Training Data

The dataset behind SAGE

SAGE is trained on roughly 10,000 Steam games merged from SteamSpy (ownership & review aggregates) and the Steam Web API (store-page metadata). The pipeline below shows exactly how the raw sources become the steam_10k_prelaunch.csv file used by the model.

10,000 Games (rows)
71 Columns total
48 Pre-launch features used
6 Owner-tier classes

1 · Data sources

SteamSpy (base CSV)

Provides aggregate ownership buckets, review counts, playtime statistics, price, genre flags, and release month. This forms the base table keyed by appid.

  • owners
  • positive / negative
  • price
  • release_month
  • genre flags

Steam Web API (JSON)

Per-game store-page metadata: descriptions, screenshots, trailers, supported languages, platforms, categories, tags, packages, and achievements. Loaded as a dict keyed by appid.

  • screenshots
  • movies
  • categories
  • tags
  • supported_languages
  • publishers

2 · Preprocessing pipeline

Two scripts produce the final training file. The first enriches and merges; the second selects pre-launch-only features and builds the classification target.

  1. 1

    Load base CSV & Steam JSON

    Read SteamSpy CSV into a DataFrame; load Steam Web API JSON keyed by appid string.

  2. 2

    Extract pre-launch features from JSON

    For each game, derive ~30 columns: platform support, language counts, screenshot & trailer counts, description lengths, publisher/developer counts, Steam category flags (achievements, workshop, cloud, controller, VR…), tag counts and top-tag vote totals, package & SKU counts.

  3. 3

    Merge on appid (left join)

    Base CSV ⟕ JSON features.
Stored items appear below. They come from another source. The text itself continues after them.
(* Let $H=(T_1,\dots,T_n,p_1,\dots,p_n)$ be a strategic game with a belief structure satisfying properties A and B. Then for every relaxation $R$ of $\overline{LR}$, every $i\in[1..n]$, every ordinal $\alpha$, every $\mu_i\in\mathcal B_i\,\dot\cap\,R^{\alpha}$ and every $s_i\in T_i$: if $s_i\in BR_{R^{\alpha}}(\mu_i)$ then $s_i\in BR_H(\mu_i)$.
   Context: A strategic game $H=(T_1,\dots,T_n,p_1,\dots,p_n)$ has nonempty strategy sets $T_i$ and real payoffs. A restriction is $G=(S_1,\dots,S_n)$ with $S_i\subseteq T_i$ (possibly empty), ordered by componentwise inclusion (a complete lattice with top $H$). A belief structure gives each player $i$ a nonempty belief set $\mathcal B_i$, an expected payoff $p_i:T_i\times\mathcal B_i\to\mathbb R$, and for each restriction $G$ a set $\mathcal B_i\,\dot\cap\,G\subseteq\mathcal B_i$, with $\mathcal B_i\,\dot\cap\,H=\mathcal B_i$. Property A: $G_1\subseteq G_2\subseteq H$ implies $\mathcal B_i\,\dot\cap\,G_1\subseteq\mathcal B_i\,\dot\cap\,G_2$ for all $i$. Best response: for $G=(S_1,\dots,S_n)$, $s_i\in T_i$ is in $BR_G(\mu_i)$ iff $p_i(s_i,\mu_i)\ge p_i(s_i',\mu_i)$ for all $s_i'\in S_i$. Property B: for every $i$ and every $\mu_i\in\mathcal B_i$, $BR_H(\mu_i)\neq\emptyset$. The operator $LR$ maps $G$ to $(S_1',\dots,S_n')$ with $S_i':=\{s_i\in T_i\mid\exists\mu_i\in\mathcal B_i\,\dot\cap\,G:\ s_i\in BR_G(\mu_i)\}$, and $\overline{LR}(G):=LR(G)\cap G$. Iterations: $T^0:=H$, $T^{\alpha+1}:=T(T^\alpha)$, $T^\beta:=\bigcap_{\alpha<\beta}T^\alpha$ for limit $\beta$. $R$ is a relaxation of $T$ if for all ordinals $\alpha$: (1) $T(R^\alpha)\subseteq R(R^\alpha)$; (2) if $T(R^\alpha)\subseteq R^\alpha$ then $R(R^\alpha)\subseteq R^\alpha$; (3) if $R(R^\alpha)=R^\alpha$ then $T(R^\alpha)=R^\alpha$. *)

theory Defs
  imports Complex_Main
begin

text \<open>A restriction is a function G :: 'p \<Rightarrow> 's set with G i \<subseteq> T i; the order is the
pointwise (componentwise) inclusion order on functions.\<close>

definition is_restriction :: "('p \<Rightarrow> 's set) \<Rightarrow> ('p \<Rightarrow> 's set) \<Rightarrow> bool" where
  "is_restriction T G \<longleftrightarrow> (\<forall>i. G i \<subseteq> T i)"

definition BR :: "('p \<Rightarrow> 's set) \<Rightarrow> ('p \<Rightarrow> 's \<Rightarrow> 'b \<Rightarrow> real) \<Rightarrow> ('p \<Rightarrow> 's set)
                  \<Rightarrow> 'p \<Rightarrow> 'b \<Rightarrow> 's set" where
  "BR T ep G i \<mu> = {s \<in> T i. \<forall>s' \<in> G i. ep i s \<mu> \<ge> ep i s' \<mu>}"

definition LR :: "('p \<Rightarrow> 's set) \<Rightarrow> ('p \<Rightarrow> 's \<Rightarrow> 'b \<Rightarrow> real) \<Rightarrow> ('p \<Rightarrow> ('p \<Rightarrow> 's set) \<Rightarrow> 'b set)
                  \<Rightarrow> ('p \<Rightarrow> 's set) \<Rightarrow> ('p \<Rightarrow> 's set)" where
  "LR T ep bc G = (\<lambda>i. {s \<in> T i. \<exists>\<mu> \<in> bc i G. s \<in> BR T ep G i \<mu>})"

definition LRbar :: "('p \<Rightarrow> 's set) \<Rightarrow> ('p \<Rightarrow> 's \<Rightarrow> 'b \<Rightarrow> real) \<Rightarrow> ('p \<Rightarrow> ('p \<Rightarrow> 's set) \<Rightarrow> 'b set)
                  \<Rightarrow> ('p \<Rightarrow> 's set) \<Rightarrow> ('p \<Rightarrow> 's set)" where
  "LRbar T ep bc G = inf (LR T ep bc G) G"

text \<open>Transfinite iteration F^alpha starting from H, indexed by elements of a well-order
type 'o (playing the role of ordinals): F^0 = H, F^(beta+1) = F (F^beta), and at limits
F^lambda = the intersection of all earlier iterates.\<close>

definition is_succ_of :: "'o::wellorder \<Rightarrow> 'o \<Rightarrow> bool" where
  "is_succ_of \<alpha> \<beta> \<longleftrightarrow> \<beta> < \<alpha> \<and> (\<forall>\<gamma>. \<beta> < \<gamma> \<longrightarrow> \<alpha> \<le> \<gamma>)"

definition titer :: "('p \<Rightarrow> 's set) \<Rightarrow> (('p \<Rightarrow> 's set) \<Rightarrow> ('p \<Rightarrow> 's set)) \<Rightarrow> 'o::wellorder
                     \<Rightarrow> ('p \<Rightarrow> 's set)" where
  "titer H F = wfrec {(x, y). x < y}
     (\<lambda>f \<alpha>. if \<not> (\<exists>\<beta>. \<beta> < \<alpha>) then H
            else if (\<exists>\<beta>. is_succ_of \<alpha> \<beta>) then F (f (THE \<beta>. is_succ_of \<alpha> \<beta>))
            else Inf (f ` {\<beta>. \<beta> < \<alpha>}))"

definition relaxation :: "'o::wellorder itself \<Rightarrow> ('p \<Rightarrow> 's set)
      \<Rightarrow> (('p \<Rightarrow> 's set) \<Rightarrow> ('p \<Rightarrow> 's set)) \<Rightarrow> (('p \<Rightarrow> 's set) \<Rightarrow> ('p \<Rightarrow> 's set)) \<Rightarrow> bool" where
  "relaxation (_ :: 'o itself) H T R \<longleftrightarrow>
     (\<forall>\<alpha>::'o.
        T (titer H R \<alpha>) \<le> R (titer H R \<alpha>)
      \<and> (T (titer H R \<alpha>) \<le> titer H R \<alpha> \<longrightarrow> R (titer H R \<alpha>) \<le> titer H R \<alpha>)
      \<and> (R (titer H R \<alpha>) = titer H R \<alpha> \<longrightarrow> T (titer H R \<alpha>) = titer H R \<alpha>))"

end

theory Submission
  imports Defs
begin

text \<open>Every iterate G of R satisfies the invariant that, for each belief in
\<open>bc j G\<close>, all its best responses in the full game survive in G. It holds for H, it
passes to nonempty intersections by Property A, and it passes from G to R G because the
relaxation conditions squeeze R G between \<open>LRbar G\<close> and G, while a global best
response to a belief admissible in G is in particular a best response within G.
Property B then supplies a global best response t in the iterate, and any
\<open>s \<in> BR_G(\<mu>)\<close> does at least as well as t, hence as well as every strategy.\<close>

lemma is_succ_of_unique:
  "is_succ_of (\<alpha>::'o::wellorder) \<beta> \<Longrightarrow> is_succ_of \<alpha> \<gamma> \<Longrightarrow> \<beta> = \<gamma>"
  unfolding is_succ_of_def by (meson antisym_conv3 not_le)

lemma titer_unfold:
  "titer H F (\<alpha>::'o::wellorder) =
     (if \<not> (\<exists>\<beta>. \<beta> < \<alpha>) then H
      else if (\<exists>\<beta>. is_succ_of \<alpha> \<beta>) then F (titer H F (THE \<beta>. is_succ_of \<alpha> \<beta>))
      else Inf (titer H F ` {\<beta>. \<beta> < \<alpha>}))"
proof -
  have "(THE \<beta>. is_succ_of \<alpha> \<beta>) < \<alpha>" if "is_succ_of \<alpha> \<beta>" for \<beta>
    using theI[of "is_succ_of \<alpha>", OF that is_succ_of_unique[OF _ that]]
    by (simp add: is_succ_of_def)
  then show ?thesis
    unfolding titer_def
    by (subst wfrec[OF wellorder_class.wf]) (auto simp: cut_apply image_def)
qed

lemma titer_induct:
  fixes \<alpha> :: "'o::wellorder"
  assumes base: "P H"
    and step: "\<And>\<beta>::'o. P (titer H F \<beta>) \<Longrightarrow> P (F (titer H F \<beta>))"
    and Inf: "\<And>A. A \<noteq> {} \<Longrightarrow> (\<And>G. G \<in> A \<Longrightarrow> P G) \<Longrightarrow> P (Inf A)"
  shows "P (titer H F \<alpha>)"
proof (induction \<alpha> rule: less_induct)
  case (less \<alpha>)
  consider (zero) "\<not> (\<exists>\<beta>. \<beta> < \<alpha>)"
    | (succ) \<beta> where "is_succ_of \<alpha> \<beta>"
    | (limit) "\<exists>\<beta>. \<beta> < \<alpha>" "\<not> (\<exists>\<beta>. is_succ_of \<alpha> \<beta>)"
    by blast
  then show ?case
  proof cases
    case zero
    then show ?thesis by (subst titer_unfold) (simp add: base)
  next
    case (succ \<beta>)
    have "(THE \<beta>. is_succ_of \<alpha> \<beta>) = \<beta>"
      using succ by (rule the_equality[OF _ is_succ_of_unique[OF _ succ]])
    moreover have "\<beta> < \<alpha>" using succ by (simp add: is_succ_of_def)
    ultimately have "titer H F \<alpha> = F (titer H F \<beta>)"
      using succ by (subst titer_unfold) auto
    with \<open>\<beta> < \<alpha>\<close> show ?thesis using step less by simp
  next
    case limit
    then show ?thesis by (subst titer_unfold) (auto intro!: Inf less)
  qed
qed

lemma relaxation_deflationary_bounds:
  fixes \<beta> :: "'o::wellorder"
  assumes "relaxation TYPE('o) H F R" and "\<And>G. F G \<le> G"
  shows "F (titer H R \<beta>) \<le> R (titer H R \<beta>)" and "R (titer H R \<beta>) \<le> titer H R \<beta>"
  using assms unfolding relaxation_def by blast+

lemma LRbar_le: "LRbar T ep bc G \<le> G"
  by (simp add: LRbar_def)

definition contains_best_responses ::
    "('p \<Rightarrow> 's set) \<Rightarrow> ('p \<Rightarrow> 's \<Rightarrow> 'b \<Rightarrow> real) \<Rightarrow> ('p \<Rightarrow> ('p \<Rightarrow> 's set) \<Rightarrow> 'b set)
      \<Rightarrow> ('p \<Rightarrow> 's set) \<Rightarrow> bool" where
  "contains_best_responses T ep bc G \<longleftrightarrow>
     G \<le> T \<and> (\<forall>j. \<forall>\<nu> \<in> bc j G. BR T ep T j \<nu> \<subseteq> G j)"

lemma contains_best_responses_top: "contains_best_responses T ep bc T"
  by (auto simp: contains_best_responses_def BR_def)

lemma contains_best_responses_Inf:
  assumes propA: "\<forall>G1 G2. G1 \<le> G2 \<and> G2 \<le> T \<longrightarrow> (\<forall>i. bc i G1 \<subseteq> bc i G2)"
    and "A \<noteq> {}" and A: "\<And>G. G \<in> A \<Longrightarrow> contains_best_responses T ep bc G"
  shows "contains_best_responses T ep bc (Inf A)"
  unfolding contains_best_responses_def
proof (intro conjI ballI allI subsetI)
  obtain G where "G \<in> A" using \<open>A \<noteq> {}\<close> by blast
  then show "Inf A \<le> T"
    using A Inf_lower order_trans unfolding contains_best_responses_def by metis
  fix j \<nu> t
  assume \<nu>: "\<nu> \<in> bc j (Inf A)" and t: "t \<in> BR T ep T j \<nu>"
  have "t \<in> G j" if "G \<in> A" for G
  proof -
    have "\<nu> \<in> bc j G"
      using propA \<nu> Inf_lower[OF that] A[OF that] unfolding contains_best_responses_def by blast
    then show ?thesis using A[OF that] t unfolding contains_best_responses_def by blast
  qed
  then show "t \<in> Inf A j" by (simp add: Inf_apply)
qed

lemma contains_best_responses_between:
  assumes propA: "\<forall>G1 G2. G1 \<le> G2 \<and> G2 \<le> T \<longrightarrow> (\<forall>i. bc i G1 \<subseteq> bc i G2)"
    and G: "contains_best_responses T ep bc G"
    and lower: "LRbar T ep bc G \<le> G'" and upper: "G' \<le> G"
  shows "contains_best_responses T ep bc G'"
  unfolding contains_best_responses_def
proof (intro conjI ballI allI subsetI)
  have "G \<le> T" using G by (simp add: contains_best_responses_def)
  then show "G' \<le> T" using upper by simp
  fix j \<nu> t
  assume "\<nu> \<in> bc j G'" and t: "t \<in> BR T ep T j \<nu>"
  then have \<nu>: "\<nu> \<in> bc j G" using propA upper \<open>G \<le> T\<close> by blast
  then have "t \<in> G j" using G t by (auto simp: contains_best_responses_def)
  moreover have "t \<in> BR T ep G j \<nu>"
    using t \<open>G \<le> T\<close> by (auto simp: BR_def le_fun_def)
  ultimately have "t \<in> LRbar T ep bc G j"
    using \<nu> t by (auto simp: LRbar_def LR_def BR_def)
  then show "t \<in> G' j" using lower by (auto simp: le_fun_def)
qed

lemma BR_top_if_dominates_best_response:
  assumes "s \<in> BR T ep G i \<mu>" and "t \<in> G i" and "t \<in> BR T ep T i \<mu>"
  shows "s \<in> BR T ep T i \<mu>"
  using assms by (force simp: BR_def)

theorem mainTheorem6:
  fixes T :: "'p::finite \<Rightarrow> 's set"
    and B :: "'p \<Rightarrow> 'b set"
    and ep :: "'p \<Rightarrow> 's \<Rightarrow> 'b \<Rightarrow> real"
    and bc :: "'p \<Rightarrow> ('p \<Rightarrow> 's set) \<Rightarrow> 'b set"
    and R :: "('p \<Rightarrow> 's set) \<Rightarrow> ('p \<Rightarrow> 's set)"
    and \<alpha> :: "'o::wellorder"
  assumes T_ne: "\<forall>i. T i \<noteq> {}"
    and B_ne: "\<forall>i. B i \<noteq> {}"
    and bc_sub: "\<forall>i G. is_restriction T G \<longrightarrow> bc i G \<subseteq> B i"
    and bc_top: "\<forall>i. bc i T = B i"
    and propA: "\<forall>G1 G2. G1 \<le> G2 \<and> G2 \<le> T \<longrightarrow> (\<forall>i. bc i G1 \<subseteq> bc i G2)"
    and propB: "\<forall>i. \<forall>\<mu> \<in> B i. BR T ep T i \<mu> \<noteq> {}"
    and relax: "relaxation TYPE('o) T (LRbar T ep bc) R"
    and mu: "\<mu> \<in> bc i (titer T R \<alpha>)"
    and s: "s \<in> BR T ep (titer T R \<alpha>) i \<mu>"
  shows "s \<in> BR T ep T i \<mu>"
proof -
  have inv: "contains_best_responses T ep bc (titer T R \<alpha>)"
  proof (induction rule: titer_induct)
    case 1
    show ?case by (rule contains_best_responses_top)
  next
    case (2 \<beta>)
    with relaxation_deflationary_bounds[OF relax LRbar_le]
    show ?case by (blast intro: contains_best_responses_between[OF propA])
  next
    case (3 A)
    then show ?case by (rule contains_best_responses_Inf[OF propA])
  qed
  then have "is_restriction T (titer T R \<alpha>)"
    by (simp add: contains_best_responses_def is_restriction_def le_fun_def)
  then have "\<mu> \<in> B i" using bc_sub mu by blast
  then obtain t where t: "t \<in> BR T ep T i \<mu>" using propB by blast
  with inv mu have "t \<in> titer T R \<alpha> i" by (auto simp: contains_best_responses_def)
  then show ?thesis by (rule BR_top_if_dominates_best_response[OF s _ t])
qed

end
Rows with no JSON match keep their base columns; new numeric features are filled with 0.

  4. 4

    Engineer composite scores

    Seven derived features combine raw signals into interpretable proxies: store_page_score, platform_reach, marketing_score, publisher_backing, localization_score, steam_integration, and an is_mature_content flag.

  5. 5

    Drop post-launch columns (leakage prevention)

    Reviews, playtime, CCU, and owners themselves are excluded from the model — they wouldn't exist before launch and would leak the target.

  6. 6

    Build ordinal target & split

    Owners bucket → ordinal class 0–5 (top sparse buckets merged into ≥750K). Median imputation for any remaining numeric NaNs, then a stratified 80/20 train-test split followed by z-score scaling.

3 · Target variable

The model predicts an ordinal owner tier, not a raw owner count. The original 9 SteamSpy buckets are collapsed to 6 because the top 4 had too few samples (n = 136, 88, 53, 19) for reliable learning.

ClassOwner tierNotes
0≤ 10KMajority class (~69%)
1≤ 35K
2≤ 75K
3≤ 150K
4≤ 350K
5≥ 750KMerged top 4 sparse buckets

4 · Pre-launch features (49)

Only signals that exist before a game ships are used. Grouped by origin:

Pricing & release

  • price
  • initialprice
  • is_free
  • release_month

Genre flags (one-hot)

  • Action
  • Adventure
  • RPG
  • Strategy
  • Simulation
  • Indie
  • Sports
  • Racing

Store-page richness

  • screenshot_count
  • has_trailer
  • trailer_count
  • about_length
  • has_detailed_desc
  • has_website
  • has_support_email

Platform & localization

  • platform_count
  • supported_languages_count
  • full_audio_languages_count
  • required_age

Studio signals

  • developer_count
  • publisher_count
  • has_publisher
  • is_solo_dev

Steam ecosystem flags

  • is_multiplayer
  • has_achievements
  • has_trading_cards
  • has_workshop
  • has_cloud_save
  • has_controller_support
  • has_vr_support
  • has_in_app_purchases
  • has_family_sharing

Categories, tags & packaging

  • category_count
  • tag_count
  • has_multiplayer_tag
  • top_tag_votes_total
  • top_tag_votes_mean
  • dlc_count
  • package_count
  • sku_count
  • achievement_count

Engineered composite scores

  • store_page_score
  • platform_reach
  • marketing_score
  • publisher_backing
  • localization_score
  • steam_integration
  • is_mature_content
Columns explicitly excluded (post-launch / leakage)
  • positive
  • negative
  • total_reviews
  • positive_ratio
  • average_forever
  • average_2weeks
  • median_forever
  • median_2weeks
  • ccu
  • owners
  • log_owners
  • json_price_raw
  • appid

5 · Reproducibility

The full pipeline lives in two Python scripts. Output is the file the model trains on:

enrich_prelaunch.py Merges SteamSpy CSV with Steam API JSON and engineers composite features.
train_prelaunch_model.py Selects pre-launch features, builds the ordinal target, trains the stacked ensemble.
steam_10k_prelaunch.csv Final 10,000 × 71 training file consumed by the model.